[[ Given data, beginning ]]
lemma card_incr_preimage: "card {g. incr n g \<in> M} = card {f \<in> M. f n \<noteq> 0}"
proof -
  have image: "incr n ` {g. incr n g \<in> M} = {f \<in> M. f n \<noteq> 0}"
  proof (intro equalityI subsetI)
    fix f assume "f \<in> {f \<in> M. f n \<noteq> 0}"
    then have "f = incr n (f(n := f n - 1))" "f \<in> M"
      by (auto simp: incr_def)
    then show "f \<in> incr n ` {g. incr n g \<in> M}"
      by (intro image_eqI[of _ _ "f(n := f n - 1)"]) auto
  qed (auto simp: incr_apply)
  have "card (incr n ` {g. incr n g \<in> M}) = card {g. incr n g \<in> M}"
    by (rule card_image[OF inj_on_subset[OF inj_incr subset_UNIV]])
  with image show ?thesis
    by simp
qed

lemma card_add_card_up_shadow_last_zero:
  assumes M: "M \<subseteq> exps (Suc n) d"
  shows "card M + card (up_shadow n {f \<in> M. f n = 0}) \<le> card (up_shadow (Suc n) M)"
proof -
  let ?A = "incr n ` M" and ?B = "up_shadow n {f \<in> M. f n = 0}"
  have "?B \<subseteq> up_shadow (Suc n) M"
    unfolding up_shadow_def by (rule UN_mono) auto
  then have sub: "?A \<union> ?B \<subseteq> up_shadow (Suc n) M"
    by (auto simp: up_shadow_def)
  have "f n \<noteq> 0" if "f \<in> ?A" for f
    using that by (auto simp: incr_apply)
  moreover have "f n = 0" if "f \<in> ?B" for f
    using that by (auto simp: up_shadow_def incr_apply)
  ultimately have disj: "?A \<inter> ?B = {}"
    by blast
  have fin: "finite (up_shadow (Suc n) M)"
    by (rule finite_subset_exps[OF up_shadow_subset_exps[OF M]])
  have "card M + card ?B = card (?A \<union> ?B)"
    using disj fin sub finite_subset
    by (subst card_Un_disjoint) (auto simp: card_image inj_on_subset[OF inj_incr])
  also have "\<dots> \<le> card (up_shadow (Suc n) M)"
    by (rule card_mono[OF fin sub])
  finally show ?thesis .
qed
[[ Given data, end ]]
• Your objective
Scan the records for the word "thesis". Copy each line where it turns up.

• Written response
  with image show ?thesis
  finally show ?thesis .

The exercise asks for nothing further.